── Supplied material ──

lemma root_range_on_alcove:
  assumes "b \<in> R"
  shows "(\<forall>x\<in>A. 0 < b \<bullet> x \<and> b \<bullet> x < 1) \<or> (\<forall>x\<in>A. -1 < b \<bullet> x \<and> b \<bullet> x < 0)"
proof -
  obtain c where c: "b = (\<Sum>i=1..l. of_int (c i) *\<^sub>R alpha i)"
    and sg: "(\<forall>i. c i \<ge> 0) \<or> (\<forall>i. c i \<le> 0)"
    using simple_coeffs[OF assms] by blast
  have bx: "b \<bullet> x = (\<Sum>i=1..l. of_int (c i) * (alpha i \<bullet> x))" for x
    by (simp add: c inner_sum_left)
  have "\<exists>j\<in>{1..l}. c j \<noteq> 0"
  proof (rule ccontr)
    assume "\<not> ?thesis"
    then have "b = 0" unfolding c by (intro sum.neutral) auto
    then show False using assms zero_notin_R by simp
  qed
  then obtain j where j: "j \<in> {1..l}" "c j \<noteq> 0" by blast
  from sg show ?thesis
  proof
    assume "\<forall>i. c i \<ge> 0"
    then have "0 < b \<bullet> x" if "x \<in> A" for x
      unfolding bx using combination_pos_on_alcove j that by blast
    then show ?thesis using root_lt_1_on_alcove assms by auto
  next
    assume "\<forall>i. c i \<le> 0"
    then have "0 < (\<Sum>i=1..l. of_int (- c i) * (alpha i \<bullet> x))" if "x \<in> A" for x
      using combination_pos_on_alcove[of "\<lambda>i. - c i"] j that by simp
    then have "b \<bullet> x < 0" if "x \<in> A" for x using that unfolding bx by (simp add: sum_negf)
    moreover have "-1 < b \<bullet> x" if "x \<in> A" for x
      using root_lt_1_on_alcove[OF uminus_in_R[OF assms] that] by simp
    ultimately show ?thesis by auto
  qed
qed
lemma abs_sin_transform_hprofile_le:
  assumes lam: "0 < lam" "lam \<le> 1/2" and \<tau>: "0 < \<tau>" and \<mu>: "\<mu> = lam / (100 * \<tau>)"
  shows "\<bar>sin_transform (hprofile lam \<mu> \<tau>) x\<bar> \<le> 2 * pi * p0 \<tau> x"
proof -
  define A where "A = 2 * (1 - lam) / lam"
  have A: "0 \<le> A" using lam by (simp add: A_def)
  have lam_le_1: "lam \<le> 1" using lam by simp
  have \<mu>_nonneg: "0 \<le> \<mu>" using lam \<tau> by (simp add: \<mu>)
  have \<tau>\<mu>: "\<tau> * \<mu> = lam / 100" using \<tau> by (simp add: \<mu>)
  have A\<tau>\<mu>: "A * (\<tau> * \<mu>) \<le> 1 / 50"
    using lam unfolding \<tau>\<mu> A_def by (simp add: field_simps)
  have pi_half: "12 / 50 \<le> pi / 2"
    using pi_gt3 by simp
  show ?thesis
  proof (cases "\<bar>x\<bar> \<le> 1 / \<tau>")
    case True
    have "\<bar>sin_transform (hprofile lam \<mu> \<tau>) x\<bar> \<le> A * (\<tau> * \<mu>) * (2 * \<tau> - - 2 * \<tau>)"
    proof (rule abs_sin_transform_le)
      show "hprofile lam \<mu> \<tau> \<in> borel_measurable borel"
        by (rule hprofile_borel_measurable)
      show "\<bar>hprofile lam \<mu> \<tau> t\<bar> \<le> A * (\<tau> * \<mu>)" for t
        unfolding A_def by (rule abs_hprofile_le[OF \<tau> \<mu>_nonneg lam(1) lam_le_1])
      show "hprofile lam \<mu> \<tau> t = 0" if "t \<notin> {- 2 * \<tau>..2 * \<tau>}" for t
        using that by (rule hprofile_eq_0[OF \<tau>])
      show "- 2 * \<tau> \<le> 2 * \<tau>"
        using \<tau> by simp
    qed
    also have "\<dots> = (A * (\<tau> * \<mu>) * 4) * \<tau>"
      by simp
    also have "\<dots> \<le> (pi / 2) * \<tau>"
      using A\<tau>\<mu> pi_half \<tau> by (intro mult_right_mono) auto
    also have "\<dots> = 2 * pi * p0 \<tau> x"
      using True by (simp add: p0_def)
    finally show ?thesis .
  next
    case False
    then have x\<tau>: "1 < \<bar>x\<bar> * \<tau>"
      using \<tau> by (simp add: field_simps)
    then have x: "x \<noteq> 0" by auto
    have \<mu>_le: "100 * \<mu> \<le> \<bar>x\<bar>"
      using x\<tau> lam \<tau> by (simp add: \<mu> field_simps)
    have "(100 * \<mu>)\<^sup>2 \<le> \<bar>x\<bar>\<^sup>2"
      by (rule power_mono[OF \<mu>_le]) (use \<mu>_nonneg in simp)
    then have "10000 * \<mu>\<^sup>2 \<le> x\<^sup>2"
      by (simp add: power_mult_distrib)
    then have \<mu>_sq: "2 * \<mu>\<^sup>2 \<le> x\<^sup>2"
      using zero_le_power2[of \<mu>] by linarith
    have \<tau>\<mu>_le: "\<tau> * \<mu> \<le> 1"
      using lam by (simp add: \<tau>\<mu>)
    have kernel: "\<bar>sin ((x - \<mu>) * \<tau>) / (x - \<mu>) - sin ((x + \<mu>) * \<tau>) / (x + \<mu>)
        + 2 * sin (\<tau> * \<mu>) * (cos (\<tau> * x) / x + (sin (\<tau> * x) - sin (2 * \<tau> * x)) / (\<tau> * x\<^sup>2))\<bar>
      \<le> 12 * \<mu> / x\<^sup>2"
      by (rule abs_hprofile_kernel_le[OF \<tau> \<mu>_nonneg \<tau>\<mu>_le x \<mu>_sq])
    have "x - \<mu> \<noteq> 0" "x + \<mu> \<noteq> 0"
      using \<mu>_le \<mu>_nonneg x by auto
    from sin_transform_hprofile[OF \<tau> \<mu>_nonneg lam(1) lam_le_1 x this]
    have "\<bar>sin_transform (hprofile lam \<mu> \<tau>) x\<bar> = A * \<bar>sin ((x - \<mu>) * \<tau>) / (x - \<mu>) - sin ((x + \<mu>) * \<tau>) / (x + \<mu>)
        + 2 * sin (\<tau> * \<mu>) * (cos (\<tau> * x) / x + (sin (\<tau> * x) - sin (2 * \<tau> * x)) / (\<tau> * x\<^sup>2))\<bar>"
      unfolding A_def[symmetric] by (simp only: abs_mult abs_of_nonneg[OF A])
    also have "\<dots> \<le> A * (12 * \<mu> / x\<^sup>2)"
      by (rule mult_left_mono[OF kernel A])
    also have "\<dots> = (12 * (A * (\<tau> * \<mu>))) * (1 / (\<tau> * x\<^sup>2))"
      using \<tau> by simp
    also have "\<dots> \<le> (pi / 2) * (1 / (\<tau> * x\<^sup>2))"
      using A\<tau>\<mu> pi_half \<tau> by (intro mult_right_mono) auto
    also have "\<dots> = 2 * pi * p0 \<tau> x"
      using False by (simp add: p0_def)
    finally show ?thesis .
  qed
qed

lemma Delta_eq_sin_transform:
  assumes "0 < \<tau>" "0 \<le> \<mu>" "0 < lam" "lam \<le> 1"
  shows "Delta lam \<mu> \<tau> x = of_real (- sin_transform (hprofile lam \<mu> \<tau>) x / (2 * pi))"
proof -
  have "fourier (hfun lam \<mu> \<tau>) x = of_real (sin_transform (hprofile lam \<mu> \<tau>) x)"
    unfolding hfun_eq_imaginary
    by (rule fourier_imaginary_odd[OF integrable_hprofile[OF assms] hprofile_odd[OF assms(1)]])
  then show ?thesis
    by (simp add: Delta_def)
qed

theorem mainTheorem13:
  shows "\<exists>c0::real. 0 < c0 \<and> c0 < 1 \<and>
    (\<forall>lam \<tau> :: real. 0 < lam \<longrightarrow> lam \<le> 1/2 \<longrightarrow> 0 < \<tau> \<longrightarrow>
      (let \<mu> = c0 * lam / \<tau> in
        (\<forall>x. Im (Delta lam \<mu> \<tau> x) = 0) \<and>
        is_prob_density (\<lambda>x. p0 \<tau> x + Re (Delta lam \<mu> \<tau> x))))"
proof (intro exI[of _ "1/100"] conjI allI impI)
  fix lam \<tau> :: real
  assume lam: "0 < lam" "lam \<le> 1/2" and \<tau>: "0 < \<tau>"
  define \<mu> where "\<mu> = 1/100 * lam / \<tau>"
  define G where "G = sin_transform (hprofile lam \<mu> \<tau>)"
  have \<mu>_eq: "\<mu> = lam / (100 * \<tau>)" and \<mu>_nonneg: "0 \<le> \<mu>" and lam_le_1: "lam \<le> 1"
    using lam \<tau> by (simp_all add: \<mu>_def)
  have Delta_eq: "Delta lam \<mu> \<tau> x = of_real (- G x / (2 * pi))" for x
    unfolding G_def by (rule Delta_eq_sin_transform[OF \<tau> \<mu>_nonneg lam(1) lam_le_1])
  have "is_prob_density (\<lambda>x. p0 \<tau> x + - G x / (2 * pi))"
  proof (rule is_prob_density_add_odd[OF is_prob_density_p0[OF \<tau>]])
    show "(\<lambda>x. - G x / (2 * pi)) \<in> borel_measurable borel"
      unfolding G_def by measurable
    show "\<bar>- G x / (2 * pi)\<bar> \<le> p0 \<tau> x" for x
      using abs_sin_transform_hprofile_le[OF lam \<tau> \<mu>_eq, of x]
      by (simp add: G_def abs_divide pos_divide_le_eq mult.commute)
    show "- G (- x) / (2 * pi) = - (- G x / (2 * pi))" for x
      by (simp add: G_def sin_transform_odd)
  qed
  then show "let \<mu>' = 1/100 * lam / \<tau> in (\<forall>x. Im (Delta lam \<mu>' \<tau> x) = 0) \<and>
      is_prob_density (\<lambda>x. p0 \<tau> x + Re (Delta lam \<mu>' \<tau> x))"
    unfolding Let_def \<mu>_def[symmetric] by (simp add: Delta_eq)
qed simp_all

end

───

- _Try it_
With both ends included, please retype exactly the lines from the line containing "lam \<mu>' \<tau> x) = 0) \<and>" to the final line of the data.

- _Written response_
  then show "let \<mu>' = 1/100 * lam / \<tau> in (\<forall>x. Im (Delta lam \<mu>' \<tau> x) = 0) \<and>
      is_prob_density (\<lambda>x. p0 \<tau> x + Re (Delta lam \<mu>' \<tau> x))"
    unfolding Let_def \<mu>_def[symmetric] by (simp add: Delta_eq)
qed simp_all

end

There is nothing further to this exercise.